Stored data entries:
◇ ◇ ◇
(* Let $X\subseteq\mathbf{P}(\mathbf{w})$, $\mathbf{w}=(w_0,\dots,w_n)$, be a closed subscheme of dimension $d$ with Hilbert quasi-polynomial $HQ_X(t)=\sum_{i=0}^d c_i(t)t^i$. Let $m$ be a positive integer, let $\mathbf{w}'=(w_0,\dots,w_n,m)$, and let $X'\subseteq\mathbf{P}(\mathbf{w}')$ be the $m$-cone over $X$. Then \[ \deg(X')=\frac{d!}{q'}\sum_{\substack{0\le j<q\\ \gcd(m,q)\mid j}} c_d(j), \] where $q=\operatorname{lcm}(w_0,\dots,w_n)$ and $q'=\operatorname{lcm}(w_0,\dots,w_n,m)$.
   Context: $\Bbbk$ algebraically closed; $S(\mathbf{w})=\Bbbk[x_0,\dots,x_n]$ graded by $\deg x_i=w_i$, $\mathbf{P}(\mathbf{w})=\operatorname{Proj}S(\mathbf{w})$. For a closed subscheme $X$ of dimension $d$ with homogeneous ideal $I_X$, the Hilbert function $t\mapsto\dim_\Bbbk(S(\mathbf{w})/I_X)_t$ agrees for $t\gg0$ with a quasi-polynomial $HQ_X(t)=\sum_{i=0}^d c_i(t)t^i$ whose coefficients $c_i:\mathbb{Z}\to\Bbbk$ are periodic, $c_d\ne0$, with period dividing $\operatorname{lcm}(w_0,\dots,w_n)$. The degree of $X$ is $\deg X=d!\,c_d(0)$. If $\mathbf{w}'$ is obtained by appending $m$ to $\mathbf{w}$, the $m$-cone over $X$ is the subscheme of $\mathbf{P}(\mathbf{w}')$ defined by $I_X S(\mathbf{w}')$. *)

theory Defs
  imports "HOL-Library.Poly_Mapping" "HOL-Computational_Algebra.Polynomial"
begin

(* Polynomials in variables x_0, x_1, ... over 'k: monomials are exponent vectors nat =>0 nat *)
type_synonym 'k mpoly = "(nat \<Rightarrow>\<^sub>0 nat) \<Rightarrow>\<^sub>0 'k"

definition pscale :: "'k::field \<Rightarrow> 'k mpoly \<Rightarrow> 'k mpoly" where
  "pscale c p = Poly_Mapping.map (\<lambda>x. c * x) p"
◇ ◇ ◇
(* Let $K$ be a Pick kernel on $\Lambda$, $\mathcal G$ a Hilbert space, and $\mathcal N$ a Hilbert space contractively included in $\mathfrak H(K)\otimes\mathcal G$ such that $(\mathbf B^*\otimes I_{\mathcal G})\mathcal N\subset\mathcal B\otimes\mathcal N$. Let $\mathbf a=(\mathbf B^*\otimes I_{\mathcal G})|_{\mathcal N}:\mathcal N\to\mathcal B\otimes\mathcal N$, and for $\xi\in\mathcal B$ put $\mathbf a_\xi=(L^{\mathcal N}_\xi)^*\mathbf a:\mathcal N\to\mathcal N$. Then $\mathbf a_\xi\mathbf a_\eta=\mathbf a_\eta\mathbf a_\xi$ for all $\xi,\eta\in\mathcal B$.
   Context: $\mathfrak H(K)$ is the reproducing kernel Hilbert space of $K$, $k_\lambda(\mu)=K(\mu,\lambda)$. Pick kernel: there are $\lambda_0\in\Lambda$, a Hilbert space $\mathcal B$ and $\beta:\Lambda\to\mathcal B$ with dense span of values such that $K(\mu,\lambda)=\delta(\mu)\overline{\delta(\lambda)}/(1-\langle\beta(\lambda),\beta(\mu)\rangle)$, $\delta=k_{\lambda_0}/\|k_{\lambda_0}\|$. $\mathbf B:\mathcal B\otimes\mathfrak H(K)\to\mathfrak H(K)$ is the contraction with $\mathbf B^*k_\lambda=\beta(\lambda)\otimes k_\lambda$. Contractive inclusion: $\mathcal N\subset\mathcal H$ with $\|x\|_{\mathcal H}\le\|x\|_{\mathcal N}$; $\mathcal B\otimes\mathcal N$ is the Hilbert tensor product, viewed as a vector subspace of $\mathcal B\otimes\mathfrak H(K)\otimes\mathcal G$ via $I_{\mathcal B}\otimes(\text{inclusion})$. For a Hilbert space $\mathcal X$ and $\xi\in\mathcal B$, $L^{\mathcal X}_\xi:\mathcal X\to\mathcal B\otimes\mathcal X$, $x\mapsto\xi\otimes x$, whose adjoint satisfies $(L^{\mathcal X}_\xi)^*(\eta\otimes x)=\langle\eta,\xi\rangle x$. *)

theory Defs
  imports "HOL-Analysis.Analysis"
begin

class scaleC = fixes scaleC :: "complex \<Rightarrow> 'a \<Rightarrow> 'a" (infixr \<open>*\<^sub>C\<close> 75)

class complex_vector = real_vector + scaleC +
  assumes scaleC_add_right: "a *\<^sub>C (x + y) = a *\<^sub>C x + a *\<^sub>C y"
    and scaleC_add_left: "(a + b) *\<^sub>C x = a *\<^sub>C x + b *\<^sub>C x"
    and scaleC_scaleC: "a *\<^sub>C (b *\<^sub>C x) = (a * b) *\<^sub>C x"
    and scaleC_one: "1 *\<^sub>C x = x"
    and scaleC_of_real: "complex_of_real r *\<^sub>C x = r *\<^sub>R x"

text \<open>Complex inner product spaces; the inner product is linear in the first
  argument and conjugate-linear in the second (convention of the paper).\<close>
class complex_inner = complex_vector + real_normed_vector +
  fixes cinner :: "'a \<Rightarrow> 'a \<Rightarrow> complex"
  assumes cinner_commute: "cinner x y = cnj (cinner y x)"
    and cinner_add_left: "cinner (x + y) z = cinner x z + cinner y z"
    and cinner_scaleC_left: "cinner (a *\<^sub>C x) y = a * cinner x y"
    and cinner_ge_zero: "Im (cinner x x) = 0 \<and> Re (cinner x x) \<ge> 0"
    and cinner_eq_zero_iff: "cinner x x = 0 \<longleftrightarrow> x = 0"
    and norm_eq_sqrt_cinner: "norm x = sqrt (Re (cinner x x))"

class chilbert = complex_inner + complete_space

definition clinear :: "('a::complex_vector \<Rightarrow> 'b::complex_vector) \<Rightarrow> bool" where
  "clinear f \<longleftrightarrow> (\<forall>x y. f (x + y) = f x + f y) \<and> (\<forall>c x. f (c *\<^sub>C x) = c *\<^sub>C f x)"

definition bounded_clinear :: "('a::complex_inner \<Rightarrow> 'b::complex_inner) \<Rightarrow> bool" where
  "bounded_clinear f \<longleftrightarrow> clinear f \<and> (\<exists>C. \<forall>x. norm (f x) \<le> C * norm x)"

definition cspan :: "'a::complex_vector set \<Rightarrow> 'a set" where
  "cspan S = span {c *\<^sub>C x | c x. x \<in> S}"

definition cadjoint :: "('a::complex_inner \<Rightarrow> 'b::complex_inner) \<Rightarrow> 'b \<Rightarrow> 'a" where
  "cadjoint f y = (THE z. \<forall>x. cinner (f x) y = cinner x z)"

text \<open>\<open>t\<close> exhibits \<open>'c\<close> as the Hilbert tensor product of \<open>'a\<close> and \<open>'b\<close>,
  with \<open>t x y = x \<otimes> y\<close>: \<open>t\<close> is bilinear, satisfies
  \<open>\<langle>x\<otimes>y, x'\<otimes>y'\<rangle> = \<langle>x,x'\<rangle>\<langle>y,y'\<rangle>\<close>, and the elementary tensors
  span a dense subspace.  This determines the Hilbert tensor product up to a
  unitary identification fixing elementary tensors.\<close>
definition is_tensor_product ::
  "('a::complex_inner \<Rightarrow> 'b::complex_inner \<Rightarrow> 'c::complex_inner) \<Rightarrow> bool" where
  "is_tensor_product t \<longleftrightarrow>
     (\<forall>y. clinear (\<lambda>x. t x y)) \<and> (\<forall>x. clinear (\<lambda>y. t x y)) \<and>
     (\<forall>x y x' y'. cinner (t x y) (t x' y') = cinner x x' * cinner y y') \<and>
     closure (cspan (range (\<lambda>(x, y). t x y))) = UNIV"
◇ ◇ ◇
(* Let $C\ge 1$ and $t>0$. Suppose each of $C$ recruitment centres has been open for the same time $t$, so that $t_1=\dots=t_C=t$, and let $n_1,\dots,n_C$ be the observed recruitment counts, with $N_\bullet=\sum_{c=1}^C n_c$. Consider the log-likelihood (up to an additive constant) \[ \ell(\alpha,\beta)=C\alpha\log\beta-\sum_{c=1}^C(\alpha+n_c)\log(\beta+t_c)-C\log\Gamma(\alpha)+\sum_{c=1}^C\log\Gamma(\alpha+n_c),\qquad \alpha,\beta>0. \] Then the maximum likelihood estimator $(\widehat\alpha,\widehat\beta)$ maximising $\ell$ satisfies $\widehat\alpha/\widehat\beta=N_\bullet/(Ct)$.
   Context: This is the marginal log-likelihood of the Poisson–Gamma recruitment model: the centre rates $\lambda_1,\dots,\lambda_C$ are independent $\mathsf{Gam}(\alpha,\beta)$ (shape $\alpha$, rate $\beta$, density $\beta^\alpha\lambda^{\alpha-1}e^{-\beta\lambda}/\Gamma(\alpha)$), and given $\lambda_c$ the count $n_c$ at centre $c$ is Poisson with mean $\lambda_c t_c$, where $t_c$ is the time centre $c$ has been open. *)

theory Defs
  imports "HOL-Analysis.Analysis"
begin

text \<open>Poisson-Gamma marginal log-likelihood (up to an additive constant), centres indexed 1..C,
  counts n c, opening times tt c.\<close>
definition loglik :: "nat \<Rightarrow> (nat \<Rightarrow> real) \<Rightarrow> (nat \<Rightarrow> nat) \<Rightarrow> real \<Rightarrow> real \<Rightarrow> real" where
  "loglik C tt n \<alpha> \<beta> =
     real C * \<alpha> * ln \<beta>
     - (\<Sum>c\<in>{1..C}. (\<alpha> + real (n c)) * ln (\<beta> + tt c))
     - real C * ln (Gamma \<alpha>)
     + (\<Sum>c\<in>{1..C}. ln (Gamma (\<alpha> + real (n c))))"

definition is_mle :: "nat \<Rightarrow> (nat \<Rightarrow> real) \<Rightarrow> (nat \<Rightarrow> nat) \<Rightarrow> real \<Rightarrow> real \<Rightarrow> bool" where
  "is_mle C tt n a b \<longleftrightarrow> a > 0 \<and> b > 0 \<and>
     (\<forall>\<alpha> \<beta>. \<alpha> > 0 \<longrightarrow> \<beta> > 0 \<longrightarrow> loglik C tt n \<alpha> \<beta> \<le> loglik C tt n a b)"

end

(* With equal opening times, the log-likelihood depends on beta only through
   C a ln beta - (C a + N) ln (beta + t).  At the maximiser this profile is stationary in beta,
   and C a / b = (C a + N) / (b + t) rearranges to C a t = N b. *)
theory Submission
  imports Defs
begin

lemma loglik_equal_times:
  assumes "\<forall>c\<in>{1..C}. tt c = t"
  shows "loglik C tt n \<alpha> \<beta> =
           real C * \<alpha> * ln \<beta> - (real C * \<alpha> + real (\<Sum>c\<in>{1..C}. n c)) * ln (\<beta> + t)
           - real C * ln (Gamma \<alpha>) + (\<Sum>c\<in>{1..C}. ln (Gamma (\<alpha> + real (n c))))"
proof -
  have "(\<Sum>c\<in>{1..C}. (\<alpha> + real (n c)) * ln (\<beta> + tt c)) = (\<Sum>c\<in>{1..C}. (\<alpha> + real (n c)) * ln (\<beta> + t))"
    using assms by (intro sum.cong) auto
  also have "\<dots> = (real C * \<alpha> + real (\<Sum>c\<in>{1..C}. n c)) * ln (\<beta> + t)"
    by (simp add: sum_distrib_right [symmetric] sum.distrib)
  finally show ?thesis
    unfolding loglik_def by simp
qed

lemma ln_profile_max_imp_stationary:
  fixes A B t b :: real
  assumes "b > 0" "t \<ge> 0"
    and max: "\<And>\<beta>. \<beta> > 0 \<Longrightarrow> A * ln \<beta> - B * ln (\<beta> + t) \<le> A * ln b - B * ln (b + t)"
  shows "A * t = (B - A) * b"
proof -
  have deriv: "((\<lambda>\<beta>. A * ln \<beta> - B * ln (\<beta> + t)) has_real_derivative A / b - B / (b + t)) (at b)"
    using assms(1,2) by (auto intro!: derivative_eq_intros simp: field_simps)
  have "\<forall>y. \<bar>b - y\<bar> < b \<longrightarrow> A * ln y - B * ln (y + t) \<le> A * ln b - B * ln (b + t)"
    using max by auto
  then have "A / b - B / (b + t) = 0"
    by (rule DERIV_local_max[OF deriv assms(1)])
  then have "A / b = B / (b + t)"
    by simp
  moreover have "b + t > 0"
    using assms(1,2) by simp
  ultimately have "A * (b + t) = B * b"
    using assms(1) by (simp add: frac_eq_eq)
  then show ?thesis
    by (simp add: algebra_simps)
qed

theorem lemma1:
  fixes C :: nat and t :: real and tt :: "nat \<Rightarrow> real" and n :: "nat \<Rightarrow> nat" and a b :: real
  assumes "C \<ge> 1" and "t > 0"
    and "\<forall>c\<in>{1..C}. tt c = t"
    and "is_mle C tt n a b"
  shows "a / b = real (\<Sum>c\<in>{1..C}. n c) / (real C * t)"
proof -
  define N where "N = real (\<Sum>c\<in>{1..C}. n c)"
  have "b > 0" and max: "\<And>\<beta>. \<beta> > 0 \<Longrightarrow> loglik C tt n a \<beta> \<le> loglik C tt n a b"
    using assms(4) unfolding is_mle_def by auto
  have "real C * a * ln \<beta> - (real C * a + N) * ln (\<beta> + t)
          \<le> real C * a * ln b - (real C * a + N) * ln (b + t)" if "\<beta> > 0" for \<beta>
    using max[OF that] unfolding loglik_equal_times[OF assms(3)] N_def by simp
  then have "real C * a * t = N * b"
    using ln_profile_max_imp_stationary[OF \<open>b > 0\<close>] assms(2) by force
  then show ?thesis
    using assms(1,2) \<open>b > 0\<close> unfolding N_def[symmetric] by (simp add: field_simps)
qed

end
◇ ◇ ◇
> [WHAT THIS TASK INVOLVES] Proceeding from the line containing "mpoly \<Rightarrow> 'k" through the line containing "p = Poly_Mapping.map", transcribe the lines above exactly, both end lines included.

> [COMPLETED EXERCISE]
definition pscale :: "'k::field \<Rightarrow> 'k mpoly \<Rightarrow> 'k mpoly" where
  "pscale c p = Poly_Mapping.map (\<lambda>x. c * x) p"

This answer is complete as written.